Commit efd254b6362 ("tsan: fix deadlock in pthread_atfork callbacks")
fixed another deadlock related to atfork handling.
But builders with DCHECKs enabled reported failures of
pthread_atfork_deadlock2.c and pthread_atfork_deadlock3.c tests
related to the fact that we hold runtime locks on interceptor exit:
https://lab.llvm.org/buildbot/#/builders/70/builds/6727
This issue is somewhat inherent to the current approach,
we indeed execute user code (atfork callbacks) with runtime lock held.
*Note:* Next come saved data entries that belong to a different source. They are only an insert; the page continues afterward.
lemma nets_add:
  assumes "g \<in> nets \<rho> L" "g' \<in> nets \<rho> L"
  shows "(\<lambda>x. g x + g' x) \<in> nets \<rho> L"
proof (cases L)
  case 0
  then obtain b w b' w' where g: "\<And>x. g x = b + (\<Sum>j\<in>UNIV. w j * x $ j)"
    and g': "\<And>x. g' x = b' + (\<Sum>j\<in>UNIV. w' j * x $ j)"
    using assms by (auto simp: nets.simps)
  show ?thesis
    unfolding 0 by (rule nets_0I[where b = "b + b'" and w = "\<lambda>j. w j + w' j"])
      (simp add: g g' distrib_right sum.distrib)
next
  case (Suc L')
  obtain b and d :: nat and V h where h: "\<And>j. j < d \<Longrightarrow> h j \<in> nets \<rho> L'" and g: "\<And>x. g x = b + (\<Sum>j<d. V j * \<rho> (h j x))"
    using assms(1) unfolding Suc by (rule nets_SucE) blast
  obtain b' and d' :: nat and V' h' where h': "\<And>j. j < d' \<Longrightarrow> h' j \<in> nets \<rho> L'" and g': "\<And>x. g' x = b' + (\<Sum>j<d'. V' j * \<rho> (h' j x))"
    using assms(2) unfolding Suc by (rule nets_SucE) blast
  let ?join = "\<lambda>f f' j. if j < d then f j else f' (j - d)"
  show ?thesis
    unfolding Suc
  proof (rule nets_SucI[where b = "b + b'" and d = "d + d'" and V = "?join V V'" and h = "?join h h'"])
    show "?join h h' j \<in> nets \<rho> L'" if "j < d + d'" for j
      using h h' that by simp
    show "g x + g' x = b + b' + (\<Sum>j<d + d'. ?join V V' j * \<rho> (?join h h' j x))" for x
      by (simp add: g g' sum_lessThan_add)
  qed
qed

lemma shallow_comp_nets:
  assumes "q \<in> shallow_nets \<rho>" "g \<in> nets \<rho> L"
  shows "(\<lambda>x. q (g x)) \<in> nets \<rho> (Suc L)"
proof -
  obtain b and d :: nat and w \<alpha> \<beta> where q: "\<And>u. q u = b + (\<Sum>k<d. w k * \<rho> (\<alpha> k * u + \<beta> k))"
    using assms(1) unfolding shallow_nets_def by blast
  show ?thesis
    using nets_affine[OF assms(2)]
    by (intro nets_SucI[where h = "\<lambda>k x. \<beta> k + \<alpha> k * g x"]) (auto simp: q add.commute)
qed

lemma nets_continuous:
  assumes "continuous_on UNIV \<rho>" "g \<in> nets \<rho> L"
  shows "continuous_on UNIV g"
  using assms(2)
proof (induction L arbitrary: g)
  case 0
  then obtain b w where "g = (\<lambda>x. b + (\<Sum>j\<in>UNIV. w j * x $ j))"
    by (auto simp: nets.simps)
  then show ?case by (auto intro!: continuous_on_add continuous_on_sum continuous_on_mult_left continuous_on_component)
next
  case (Suc L)
  from Suc.prems obtain b and d :: nat and V h where h: "\<And>j. j < d \<Longrightarrow> h j \<in> nets \<rho> L"
    and g: "\<And>x. g x = b + (\<Sum>j<d. V j * \<rho> (h j x))"
    by (rule nets_SucE) blast
  then have "g = (\<lambda>x. b + (\<Sum>j<d. V j * \<rho> (h j x)))"
    by auto
  moreover have "continuous_on UNIV (\<lambda>x. \<rho> (h j x))" if "j < d" for j
    using continuous_on_compose2[OF assms(1) Suc.IH[OF h[OF that]]] by simp
  ultimately show ?case
    by (auto intro!: continuous_on_add continuous_on_sum continuous_on_mult_left)
qed
lemma lam_term_eq_sum_path_term:
  "lam_term V adj s t u v = (\<Sum>g\<leftarrow>relabellings. path_term (g (s, t, u, v)))"
  by (simp add: relabellings_def lam_term_def path_term_def adjm_commute algebra_simps)

lemma sum_lam_term_quads:
  "(\<Sum>(s, t, u, v)\<in>quads. lam_term V adj s t u v) = 8 * sum path_term quads"
proof -
  have "(\<Sum>(s, t, u, v)\<in>quads. lam_term V adj s t u v)
      = (\<Sum>p\<in>quads. \<Sum>g\<leftarrow>relabellings. path_term (g p))"
    by (simp add: case_prod_unfold lam_term_eq_sum_path_term)
  also have "\<dots> = 8 * sum path_term quads"
    using sum_sum_list_bij_betw[OF bij_betw_relabelling, where f = path_term] by (simp add: length_relabellings)
  finally show ?thesis .
qed

definition arc_term :: "'a \<Rightarrow> 'a \<Rightarrow> int" where
  "arc_term s u = (deg V adj u - 1) * (xi V adj s - deg V adj u) - Ssum V adj s u"

lemma edge_term_eq_arc_terms: "edge_term V adj s t = arc_term s t + arc_term t s"
  by (simp add: edge_term_def arc_term_def Ssum_commute)

lemma sum_edge_term_arcs:
  "(\<Sum>(s, t)\<in>arcs. edge_term V adj s t) = 2 * (\<Sum>(s, t)\<in>arcs. arc_term s t)"
proof -
  have "(\<Sum>(s, t)\<in>arcs. arc_term t s) = (\<Sum>(s, t)\<in>arcs. arc_term s t)"
    by (rule sum.reindex_bij_witness[of _ prod.swap prod.swap]) (auto simp: arcs_def adj_commute)
  then show ?thesis
    by (simp add: edge_term_eq_arc_terms sum.distrib case_prod_unfold)
qed

lemma card_nbhd_Diff_arc:
  assumes "adj s u" "adj s t" "t \<noteq> u"
  shows "int (card (nbhd V adj u - {s, t})) = deg V adj u - 1 - (if adj u t then 1 else 0)"
proof -
  have "s \<in> nbhd V adj u" "t \<noteq> s"
    using assms adj_irrefl by (auto simp: adj_commute)
  have deg_u: "deg V adj u = int (card (nbhd V adj u - {s})) + 1"
    using card.remove[OF finite_nbhd \<open>s \<in> nbhd V adj u\<close>] by (simp add: deg_def)
  show ?thesis
  proof (cases "adj u t")
    case True
    have "nbhd V adj u - {s, t} = nbhd V adj u - {s} - {t}"
      by blast
    moreover have "card (nbhd V adj u - {s}) = Suc (card (nbhd V adj u - {s} - {t}))"
      using True \<open>t \<noteq> s\<close> by (intro card.remove) auto
    ultimately show ?thesis
      using True by (simp add: deg_u)
  next
    case False
    then have "nbhd V adj u - {s, t} = nbhd V adj u - {s}"
      by auto
    with False show ?thesis
      by (simp add: deg_u)
  qed
qed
Refactor fork handling to not run user code (atfork callbacks)
with runtime locks held. This change does this by installing
own atfork callbacks during runtime initialization.
Atfork callbacks run in LIFO order, so the expectation is that
our callbacks run last, right before the actual fork.
This way we lock runtime mutexes around fork, but not around
user callbacks.

Extend tests to also install after fork callbacks just to cover
more scenarios. Some tests also started reporting real races
that we previously suppressed.

Also extend tests to cover fork syscall support.

Diff Detail

Event Timeline

dvyukov created this revision.Apr 29 2021, 3:10 AM
dvyukov requested review of this revision.Apr 29 2021, 3:10 AM
Herald added a project: Restricted Project. · View Herald TranscriptApr 29 2021, 3:10 AM
Herald added a subscriber: Restricted Project. · View Herald Transcript

Third attempt...
Problem with the previous version manifested on an internal codebase and was related to fork syscall hooks. I've fixed it and added the test (test/tsan/Linux/fork_syscall.cpp).
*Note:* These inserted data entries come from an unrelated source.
(* For every $0<\epsilon<1$, $\{\Xi_{\mathrm{Sp}_{\mathrm{ap},\epsilon}},\Omega^B_{\ell^2(\mathbb{N})},\mathcal{M}_{\mathrm{H}},\Lambda_{\mathbb{N}}\}\notin\Delta_2^G$; that is, there is no sequence of general algorithms $\Gamma_n$ with $\lim_{n\to\infty}\Gamma_n(F)=\mathrm{Sp}_{\mathrm{ap},\epsilon}(\mathcal{K}_F)$ in the Hausdorff metric for every $F\in\Omega^B_{\ell^2(\mathbb{N})}$.
   Context: $\ell^2(\mathbb{N})$ is regarded as an RKHS of functions on $\mathbb{N}$ with kernel functions $\mathfrak{K}_i=e_i$ (the standard basis vectors). For $F:\mathbb{N}\to\mathbb{N}$ the Koopman operator is $\mathcal{K}_Fg=g\circ F$. $\Omega^B_{\ell^2(\mathbb{N})}$ is the set of $F:\mathbb{N}\to\mathbb{N}$ for which $\mathcal{K}_F$ is a bounded operator on all of $\ell^2(\mathbb{N})$. $\Xi_{\mathrm{Sp}_{\mathrm{ap},\epsilon}}(F)=\mathrm{Sp}_{\mathrm{ap},\epsilon}(\mathcal{K}_F)=\overline{\{z\in\mathbb{C}:\sigma_{\inf}(\mathcal{K}_F-zI)<\epsilon\}}$ where $\sigma_{\inf}(T)=\inf_{\|g\|=1}\|Tg\|$. $\mathcal{M}_{\mathrm{H}}$ is the set of nonempty compact subsets of $\mathbb{C}$ with the Hausdorff metric. $\Lambda_{\mathbb{N}}=\{F\mapsto F(j):j\in\mathbb{N}\}$. A general algorithm for a problem $\{\Xi,\Omega,\mathcal{M},\Lambda\}$ is a map $\Gamma:\Omega\to\mathcal{M}$ such that for each $\zeta\in\Omega$ there is a nonempty finite $\Lambda_\Gamma(\zeta)\subset\Lambda$ such that whenever $\zeta'\in\Omega$ satisfies $f(\zeta')=f(\zeta)$ for all $f\in\Lambda_\Gamma(\zeta)$, then $\Lambda_\Gamma(\zeta')=\Lambda_\Gamma(\zeta)$ and $\Gamma(\zeta')=\Gamma(\zeta)$. The problem is in $\Delta_2^G$ iff there exist general algorithms $\Gamma_n$ with $\Gamma_n(\zeta)\to\Xi(\zeta)$ for all $\zeta\in\Omega$. *)

theory Defs
  imports "HOL-Analysis.Analysis"
begin

definition l2 :: "(nat \<Rightarrow> complex) set" where
  "l2 = {g. summable (\<lambda>i. (cmod (g i))^2)}"

definition l2norm :: "(nat \<Rightarrow> complex) \<Rightarrow> real" where
  "l2norm g = sqrt (\<Sum>i. (cmod (g i))^2)"

definition koopman :: "(nat \<Rightarrow> nat) \<Rightarrow> (nat \<Rightarrow> complex) \<Rightarrow> (nat \<Rightarrow> complex)" where
  "koopman F g = g \<circ> F"

definition OmegaB :: "(nat \<Rightarrow> nat) set" where
  "OmegaB = {F. (\<forall>g\<in>l2. koopman F g \<in> l2) \<and>
                (\<exists>C. \<forall>g\<in>l2. l2norm (koopman F g) \<le> C * l2norm g)}"

definition sigma_inf_koopman :: "(nat \<Rightarrow> nat) \<Rightarrow> complex \<Rightarrow> real" where
  "sigma_inf_koopman F z =
     Inf {l2norm (\<lambda>i. koopman F g i - z * g i) | g. g \<in> l2 \<and> l2norm g = 1}"

definition Sp_ap_eps :: "real \<Rightarrow> (nat \<Rightarrow> nat) \<Rightarrow> complex set" where
  "Sp_ap_eps \<epsilon> F = closure {z. sigma_inf_koopman F z < \<epsilon>}"

text \<open>Hausdorff distance (used on nonempty compact sets).\<close>
definition hausdorff_dist :: "complex set \<Rightarrow> complex set \<Rightarrow> real" where
  "hausdorff_dist A B = max (SUP a\<in>A. infdist a B) (SUP b\<in>B. infdist b A)"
vitalybuka accepted this revision.Apr 29 2021, 5:42 PM

Third attempt...
Problem with the previous version manifested on an internal codebase and was related to fork syscall hooks. I've fixed it and added the test (test/tsan/Linux/fork_syscall.cpp).

I usually reopen previous review after revert and upload new patch there. This way easier to see incremental changes.
However I applied the patch and it looks very different from the reverted one.

compiler-rt/lib/tsan/rtl/tsan_rtl.cpp
528

why now you don't need to update ignore_reads_and_writes as before?

compiler-rt/lib/tsan/rtl/tsan_rtl_report.cpp
145

I don't see this function being used anywhere

This revision is now accepted and ready to land.Apr 29 2021, 5:42 PM

Third attempt...
Problem with the previous version manifested on an internal codebase and was related to fork syscall hooks. I've fixed it and added the test (test/tsan/Linux/fork_syscall.cpp).

I usually reopen previous review after revert and upload new patch there. This way easier to see incremental changes.
However I applied the patch and it looks very different from the reverted one.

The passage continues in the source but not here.